Baton Rouge mayoral candidates debate crime, traffic at first forum

Baton Rouge mayoral candidates debate crime, traffic at first forum

BATON ROUGE, La. (WAFB) - A number of candidates seeking to run East Baton Rouge parish pitched their solutions for traffic, crime, and community development during a forum Friday, Sept. 18.

It’s among the first opportunities candidates have had to debate ideas in the same room. The American Institute of Architects Baton Rouge chapter hosted the event.

Mayor-President Sharon Weston Broome, Uncle Earl’s bar owner Jordan Piazza, Rep. Denise Marcelle, metro councilman Matt Watson, and attorney E. Eric Guirard participated. Former state Rep. Steve Carter and attorney Frank Smith, III did not attend.

A moderator asked different questions from each candidate, though a common theme emerged in each candidate’s answers. Broome’s challengers were quick to note that Baton Rouge is set to break its homicide record in 2020.

“You can’t attract businesses if you’ve got crime,” Watson, a republican, said.

“We have got to stand up to crime,” Marcelle, a democrat, said. “We cannot act like it’s not happening.”

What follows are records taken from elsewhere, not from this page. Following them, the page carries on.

lemma in_closed_of_solutions_from_rational_starts:
  fixes b :: "real \<Rightarrow> 'v::real_inner" and \<phi> Yp :: "real \<Rightarrow> real \<Rightarrow> real"
  assumes "\<mu> \<ge> 0" and r: "r \<in> {0<..T}" and "closed S"
    and b: "continuous_on {0..T} b"
    and lip: "\<And>u v w. u \<in> {0..T} \<Longrightarrow> \<bar>\<phi> u v - \<phi> u w\<bar> \<le> \<mu> * \<bar>v - w\<bar>"
    and sol: "\<And>t. t \<in> {0..T} \<inter> \<rat> \<Longrightarrow> set_integrable lborel {t..T} (\<lambda>u. \<phi> u (Yp t u)) \<and>
               (\<forall>s\<in>{t..T}. Yp t s = y - (LINT u:{t..s}|lborel. \<phi> u (Yp t u)) + z \<bullet> (b s - b t))"
    and in_S: "\<And>t. t \<in> {0..T} \<inter> \<rat> \<Longrightarrow> t \<le> r \<Longrightarrow> \<phi> r (Yp t r) \<in> S"
  shows "\<phi> r y \<in> S"
proof -
  define Q where "Q = {0..T} \<inter> \<rat>"
  have Q: "Q \<subseteq> {0..T}" "0 \<in> Q"
    using r unfolding Q_def by auto
  have Q_dense: "\<exists>t\<in>Q. c < t \<and> t < r" if "c < r" for c
    using r that Rats_dense_in_real[of "max 0 c" r] unfolding Q_def by auto
  have "\<exists>v\<in>S. dist v (\<phi> r y) < \<epsilon>" if "\<epsilon> > 0" for \<epsilon>
  proof -
    have "\<exists>t\<in>Q. t \<le> r \<and> \<bar>Yp t r - y\<bar> \<le> \<epsilon> / (\<mu> + 1)"
    proof (rule exists_start_with_small_deviation[where h="\<lambda>t u. \<phi> u (Yp t u)",
          OF \<open>\<mu> \<ge> 0\<close> r _ Q Q_dense b])
      show "\<epsilon> / (\<mu> + 1) > 0"
        using that \<open>\<mu> \<ge> 0\<close> by simp
      show "\<bar>\<phi> u (Yp t u) - \<phi> u (Yp 0 u)\<bar> \<le> \<mu> * \<bar>Yp t u - Yp 0 u\<bar>" if "t \<in> Q" "u \<in> {t..T}" for t u
        using lip that Q(1) by auto
    qed (use sol in \<open>auto simp: Q_def\<close>)
    then obtain t where t: "t \<in> Q" "t \<le> r" and close: "\<bar>Yp t r - y\<bar> \<le> \<epsilon> / (\<mu> + 1)"
      by blast
    have "\<bar>\<phi> r y - \<phi> r (Yp t r)\<bar> \<le> \<mu> * \<bar>Yp t r - y\<bar>"
      using lip[of r y "Yp t r"] r by (simp add: abs_minus_commute)
    also have "\<dots> \<le> \<mu> * (\<epsilon> / (\<mu> + 1))"
      using close \<open>\<mu> \<ge> 0\<close> by (rule mult_left_mono)
    also have "\<dots> < \<epsilon>"
      using \<open>\<mu> \<ge> 0\<close> that by (simp add: field_simps)
    finally show ?thesis
      using in_S t unfolding Q_def by (intro bexI[of _ "\<phi> r (Yp t r)"]) (auto simp: dist_real_def)
  qed
  then show ?thesis
    using closed_approachable[OF \<open>closed S\<close>] by blast
qed

lemma AE_pathwise_in_closed_of_AE_along_solutions:
  fixes M :: "'a measure" and B :: "real \<Rightarrow> 'a \<Rightarrow> real^'d::finite"
    and f :: "'a \<Rightarrow> real \<Rightarrow> real \<Rightarrow> real^'d \<Rightarrow> real" and Y :: "real \<Rightarrow> real \<Rightarrow> 'a \<Rightarrow> real"
  assumes "sigma_finite_measure M"
    and cont: "AE \<omega> in M. continuous_on {0..T} (\<lambda>s. B s \<omega>)"
    and "\<mu> \<ge> 0"
    and Lip: "\<And>\<omega> r y1 y2. \<omega> \<in> space M \<Longrightarrow> r \<in> {0..T} \<Longrightarrow>
               \<bar>f \<omega> r y1 z - f \<omega> r y2 z\<bar> \<le> \<mu> * \<bar>y1 - y2\<bar>"
    and sol: "\<And>t. t \<in> {0..T} \<Longrightarrow> is_solution M B f T t y z (Y t)"
    and "closed S"
    and hyp: "\<And>t. t \<in> {0..T} \<Longrightarrow>
               AE p in restrict_space lborel {t..T} \<Otimes>\<^sub>M M. f (snd p) (fst p) (Y t (fst p) (snd p)) z \<in> S"
  shows "AE \<omega> in M. AE r in lborel. r \<in> {0<..T} \<longrightarrow> f \<omega> r y z \<in> S"
proof -
  define Q where "Q = {0..T} \<inter> \<rat>"
  have "countable Q"
    unfolding Q_def by (rule countable_subset[OF _ countable_rat]) auto
  have sol_Q: "AE \<omega> in M. \<forall>t\<in>Q. set_integrable lborel {t..T} (\<lambda>r. f \<omega> r (Y t r \<omega>) z) \<and>
        (\<forall>s\<in>{t..T}. Y t s \<omega> = y - (LINT r:{t..s}|lborel. f \<omega> r (Y t r \<omega>) z) + z \<bullet> (B s \<omega> - B t \<omega>))"
    using sol unfolding is_solution_def Q_def
    by (subst AE_ball_countable[OF \<open>countable Q\<close>[unfolded Q_def]]) auto
  have hyp_Q: "AE \<omega> in M. \<forall>t\<in>Q. AE r in lborel. r \<in> {t..T} \<longrightarrow> f \<omega> r (Y t r \<omega>) z \<in> S"
  proof (subst AE_ball_countable[OF \<open>countable Q\<close>], intro ballI)
    fix t assume "t \<in> Q"
    then have t: "t \<in> {0..T}"
      unfolding Q_def by auto
    interpret pair_sigma_finite "restrict_space lborel {t..T}" M
      using assms(1) by (rule pair_sigma_finite_restrict_lborel) auto
    have "AE \<omega> in M. AE r in restrict_space lborel {t..T}. f \<omega> r (Y t r \<omega>) z \<in> S"
      using AE_pair_swap[OF hyp[OF t]] by simp
    then show "AE \<omega> in M. AE r in lborel. r \<in> {t..T} \<longrightarrow> f \<omega> r (Y t r \<omega>) z \<in> S"
      by (subst (asm) AE_restrict_space_iff) auto
  qed
  from sol_Q hyp_Q cont AE_space show ?thesis
  proof eventually_elim
    case (elim \<omega>)
    have "AE r in lborel. \<forall>t\<in>Q. r \<in> {t..T} \<longrightarrow> f \<omega> r (Y t r \<omega>) z \<in> S"
      using elim(2) by (subst AE_ball_countable[OF \<open>countable Q\<close>])
    then show ?case
    proof (rule AE_mp[OF _ AE_I2], intro impI)
      fix r
      assume "\<forall>t\<in>Q. r \<in> {t..T} \<longrightarrow> f \<omega> r (Y t r \<omega>) z \<in> S" and r: "r \<in> {0<..T}"
      then show "f \<omega> r y z \<in> S"
        using in_closed_of_solutions_from_rational_starts[where \<phi>="\<lambda>u v. f \<omega> u v z"
            and Yp="\<lambda>t s. Y t s \<omega>", OF \<open>\<mu> \<ge> 0\<close> r \<open>closed S\<close> elim(3) Lip[OF elim(4)]]
          elim(1) unfolding Q_def by auto
    qed
  qed
qed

Broome, a democrat, noted that the bulk of Baton Rouge’s homicides happen in two zip codes. She lobbied new investment in those communities as a potential remedy.

Piazza, a republican, said he would identify and trim fat in the BRPD budget and re-allocate that money for $10,000 officer pay raises.

“Not just to give money out,” Piazza said. “If we’re going to recruit better-quality candidates, we have to pay for that quality. Everyone knows that’s how it is in business.”

Guirard, the race’s lone independent but a self-proclaimed conservative, said his education plan could reduce violence and unite the parish.

“You take all the money devoted to the parish school system and divide it by the number of kids in the parish,” he said. “You give each kid a credit stipend to spend on the education opportunity of their choice.”

Piazza and Watson each noted that the movement to incorporate St. George began as a partial product of Baton Rouge residents' frustration with the local school system.

Candidates each lamented Baton Rouge’s traffic woes, though Broome noted that her MOVEBR traffic program is the largest infrastructure investment in parish history.

“We have sowed the seed to build on,” she said. “We have sowed the seed in good ground. Baton Rouge is a good city.”

Election day is Nov. 3. If no candidate receives more than 50 percent of the vote, the top two will advance to a December runoff.